Data supplied
::::

lemma bdeg_bsum_of:
  assumes "degree g \<le> degree f"
  shows "bdeg (bsum_of f g) = degree f"
proof -
  let ?S = "bsupp (bsum_of f g)"
  have bound: "i + j \<le> degree f" if "(i, j) \<in> ?S" for i j
    using subsetD[OF bsupp_bsum_of that] assms by auto
  show ?thesis
  proof (cases "degree f = 0")
    case True
    with bound have "(\<lambda>(i, j). i + j) ` ?S \<subseteq> {0}" by auto
    then show ?thesis using True by (auto simp: bdeg_def subset_singleton_iff)
  next
    case False
    then have top: "(degree f, 0) \<in> ?S"
      by (auto simp: bsupp_def bsum_of_def)
    have "Max ((\<lambda>(i, j). i + j) ` ?S) = degree f"
    proof (rule Max_eqI)
      show "finite ((\<lambda>(i, j). i + j) ` ?S)"
        using is_bpoly_bsum_of[of f g] by (simp add: is_bpoly_def)
      show "degree f \<in> (\<lambda>(i, j). i + j) ` ?S" using top by force
    qed (use bound in auto)
    then show ?thesis using top by (auto simp: bdeg_def)
  qed
qed

lemma Y1_on_axes: "beval (Y1 p) x 0 = poly p x" "beval (Y1 p) 0 y = poly p y"
  by (auto simp: Y1_def beval_bsum_of)

lemma Y2_on_axes: "beval (Y2 q) x 0 = x * poly q x" "beval (Y2 q) 0 y = - (y * poly q y)"
  by (auto simp: Y2_def beval_bsum_of)

lemma is_bpoly_Y1: "is_bpoly (Y1 p)"
  by (simp add: Y1_def is_bpoly_bsum_of)

lemma is_bpoly_Y2: "is_bpoly (Y2 q)"
  by (simp add: Y2_def is_bpoly_bsum_of)

lemma bdeg_Y1: "bdeg (Y1 p) = degree p"
  unfolding Y1_def by (rule bdeg_bsum_of) (auto intro: degree_diff_le)

lemma bdeg_Y2:
  assumes "q \<noteq> 0"
  shows "bdeg (Y2 q) = Suc (degree q)"
  using assms unfolding Y2_def by (subst bdeg_bsum_of) auto

lemma weight_integrable_poly:
  assumes "weight w"
  shows "integrable lborel (\<lambda>t. poly r t * w t)"
proof -
  have "(\<lambda>t. poly r t * w t) = (\<lambda>t. \<Sum>i\<le>degree r. coeff r i * (t ^ i * w t))"
    by (auto simp: poly_altdef sum_distrib_right mult.assoc)
  moreover have "integrable lborel (\<lambda>t. \<Sum>i\<le>degree r. coeff r i * (t ^ i * w t))"
    using assms by (auto simp: weight_def)
  ultimately show ?thesis by simp
qed

lemma weight_mult_square:
  assumes "weight w"
  shows "weight (\<lambda>t. t\<^sup>2 * w t)"
proof -
  have "integrable lborel (\<lambda>t. t ^ k * (t\<^sup>2 * w t))" for k :: nat
  proof -
    have "(\<lambda>t::real. t ^ k * (t\<^sup>2 * w t)) = (\<lambda>t. t ^ (k + 2) * w t)"
      by (simp add: power_add power2_eq_square algebra_simps)
    then show ?thesis using assms unfolding weight_def by metis
  qed
  moreover have "\<not> (\<exists>S. finite S \<and> (AE t in lborel. t\<^sup>2 * w t \<noteq> 0 \<longrightarrow> t \<in> S))"
  proof
    assume "\<exists>S. finite S \<and> (AE t in lborel. t\<^sup>2 * w t \<noteq> 0 \<longrightarrow> t \<in> S)"
    then obtain S where S: "finite S" "AE t in lborel. t\<^sup>2 * w t \<noteq> 0 \<longrightarrow> t \<in> S" by blast
    have "AE t in lborel. w t \<noteq> 0 \<longrightarrow> t \<in> insert 0 S"
      using S(2) by eventually_elim auto
    then show False using assms S(1) unfolding weight_def by blast
  qed
  ultimately show ?thesis using assms unfolding weight_def by auto
qed

lemma hnorm_pos:
  assumes "weight w" "r \<noteq> 0"
  shows "hnorm w r > 0"
proof -
  have int: "integrable lborel (\<lambda>t. (poly r t)\<^sup>2 * w t)"
    using weight_integrable_poly[OF assms(1), of "r * r"] by (simp add: power2_eq_square)
  have nonneg: "0 \<le> (poly r t)\<^sup>2 * w t" for t
    using assms(1) by (auto simp: weight_def)
  have "hnorm w r \<noteq> 0"
  proof
    assume "hnorm w r = 0"
    then have "AE t in lborel. (poly r t)\<^sup>2 * w t = 0"
      using integral_nonneg_eq_0_iff_AE[OF int] nonneg unfolding hnorm_def by auto
    then have "AE t in lborel. w t \<noteq> 0 \<longrightarrow> t \<in> {t. poly r t = 0}"
      by eventually_elim auto
    with poly_roots_finite[OF assms(2)] assms(1) show False
      unfolding weight_def by blast
  qed
  moreover have "hnorm w r \<ge> 0"
    unfolding hnorm_def by (rule integral_nonneg_AE) (use nonneg in auto)
  ultimately show ?thesis by simp
qed

lemma is_OP_mult_square_orthogonal:
  assumes "is_OP (\<lambda>t. t\<^sup>2 * w t) m q" "degree d \<le> m" "poly d 0 = 0"
  shows "(\<integral>t. t * poly q t * poly d t * w t \<partial>lborel) = 0"
proof -
  obtain s where d: "d = pCons 0 s"
    using assms(3) by (cases d) (auto simp: poly_0_coeff_0)
  show ?thesis
  proof (cases "s = 0")
    case False
    then have "degree s < m" using assms(2) d by simp
    then have "(\<integral>t. poly q t * poly s t * (t\<^sup>2 * w t) \<partial>lborel) = 0"
      using assms(1) by (simp add: is_OP_def)
    then show ?thesis by (simp add: d power2_eq_square algebra_simps)
  qed (simp add: d)
qed

lemma bip_Y1_lower_degree:
  assumes "is_OP w n p" "is_bpoly Q" "bdeg Q < n"
  shows "bip w (Y1 p) Q = 0"
proof -
  have "degree (bpoly_xaxis Q) < n" "degree (bpoly_yaxis Q) < n"
    using degree_bpoly_xaxis[of Q] degree_bpoly_yaxis[of Q] assms(3) by auto
  then show ?thesis
    using assms(1) by (simp add: bip_eq_axis_integrals[OF assms(2)] Y1_on_axes is_OP_def)
qed

lemma bip_Y2_lower_degree:
  assumes "weight w" "is_OP (\<lambda>t. t\<^sup>2 * w t) (n - 1) q" "is_bpoly Q" "bdeg Q < n"
  shows "bip w (Y2 q) Q = 0"
proof -
  define r1 r2 where "r1 = bpoly_xaxis Q" and "r2 = bpoly_yaxis Q"
  have int: "integrable lborel (\<lambda>t. t * poly q t * poly r t * w t)" for r
    using weight_integrable_poly[OF assms(1), of "pCons 0 q * r"] by (simp add: algebra_simps)
  have "degree (r1 - r2) \<le> n - 1"
    using degree_bpoly_xaxis[of Q] degree_bpoly_yaxis[of Q] assms(4)
    unfolding r1_def r2_def by (intro degree_diff_le) auto
  moreover have "poly (r1 - r2) 0 = 0"
    by (simp add: r1_def r2_def poly_0_coeff_0 coeff_0_bpoly_axes)
  ultimately have orth: "(\<integral>t. t * poly q t * poly (r1 - r2) t * w t \<partial>lborel) = 0"
    by (rule is_OP_mult_square_orthogonal[OF assms(2)])
  have "bip w (Y2 q) Q = (\<integral>t. t * poly q t * poly r1 t * w t \<partial>lborel)
                       - (\<integral>t. t * poly q t * poly r2 t * w t \<partial>lborel)"
    by (simp add: bip_eq_axis_integrals[OF assms(3)] Y2_on_axes r1_def r2_def)
  also have "\<dots> = (\<integral>t. t * poly q t * poly r1 t * w t - t * poly q t * poly r2 t * w t \<partial>lborel)"
    by (rule Bochner_Integration.integral_diff[OF int int, symmetric])
  also have "\<dots> = (\<integral>t. t * poly q t * poly (r1 - r2) t * w t \<partial>lborel)"
    by (simp add: algebra_simps)
  finally show ?thesis using orth by simp
qed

::::

How to complete this task
Within the material above, the line with "by (auto simp: Y2_def beval_bsum_of)" opens the range and the line with "using assms(1) by (auto simp: weight_def)" closes it; reproduce that range word for word.

Answer box
  by (auto simp: Y2_def beval_bsum_of)

lemma is_bpoly_Y1: "is_bpoly (Y1 p)"
  by (simp add: Y1_def is_bpoly_bsum_of)

lemma is_bpoly_Y2: "is_bpoly (Y2 q)"
  by (simp add: Y2_def is_bpoly_bsum_of)

lemma bdeg_Y1: "bdeg (Y1 p) = degree p"
  unfolding Y1_def by (rule bdeg_bsum_of) (auto intro: degree_diff_le)

lemma bdeg_Y2:
  assumes "q \<noteq> 0"
  shows "bdeg (Y2 q) = Suc (degree q)"
  using assms unfolding Y2_def by (subst bdeg_bsum_of) auto

lemma weight_integrable_poly:
  assumes "weight w"
  shows "integrable lborel (\<lambda>t. poly r t * w t)"
proof -
  have "(\<lambda>t. poly r t * w t) = (\<lambda>t. \<Sum>i\<le>degree r. coeff r i * (t ^ i * w t))"
    by (auto simp: poly_altdef sum_distrib_right mult.assoc)
  moreover have "integrable lborel (\<lambda>t. \<Sum>i\<le>degree r. coeff r i * (t ^ i * w t))"
    using assms by (auto simp: weight_def)
  ultimately show ?thesis by simp
qed

lemma weight_mult_square:
  assumes "weight w"
  shows "weight (\<lambda>t. t\<^sup>2 * w t)"
proof -
  have "integrable lborel (\<lambda>t. t ^ k * (t\<^sup>2 * w t))" for k :: nat
  proof -
    have "(\<lambda>t::real. t ^ k * (t\<^sup>2 * w t)) = (\<lambda>t. t ^ (k + 2) * w t)"
      by (simp add: power_add power2_eq_square algebra_simps)
    then show ?thesis using assms unfolding weight_def by metis
  qed
  moreover have "\<not> (\<exists>S. finite S \<and> (AE t in lborel. t\<^sup>2 * w t \<noteq> 0 \<longrightarrow> t \<in> S))"
  proof
    assume "\<exists>S. finite S \<and> (AE t in lborel. t\<^sup>2 * w t \<noteq> 0 \<longrightarrow> t \<in> S)"
    then obtain S where S: "finite S" "AE t in lborel. t\<^sup>2 * w t \<noteq> 0 \<longrightarrow> t \<in> S" by blast
    have "AE t in lborel. w t \<noteq> 0 \<longrightarrow> t \<in> insert 0 S"
      using S(2) by eventually_elim auto
    then show False using assms S(1) unfolding weight_def by blast
  qed
  ultimately show ?thesis using assms unfolding weight_def by auto
qed

lemma hnorm_pos:
  assumes "weight w" "r \<noteq> 0"
  shows "hnorm w r > 0"
proof -
  have int: "integrable lborel (\<lambda>t. (poly r t)\<^sup>2 * w t)"
    using weight_integrable_poly[OF assms(1), of "r * r"] by (simp add: power2_eq_square)
  have nonneg: "0 \<le> (poly r t)\<^sup>2 * w t" for t
    using assms(1) by (auto simp: weight_def)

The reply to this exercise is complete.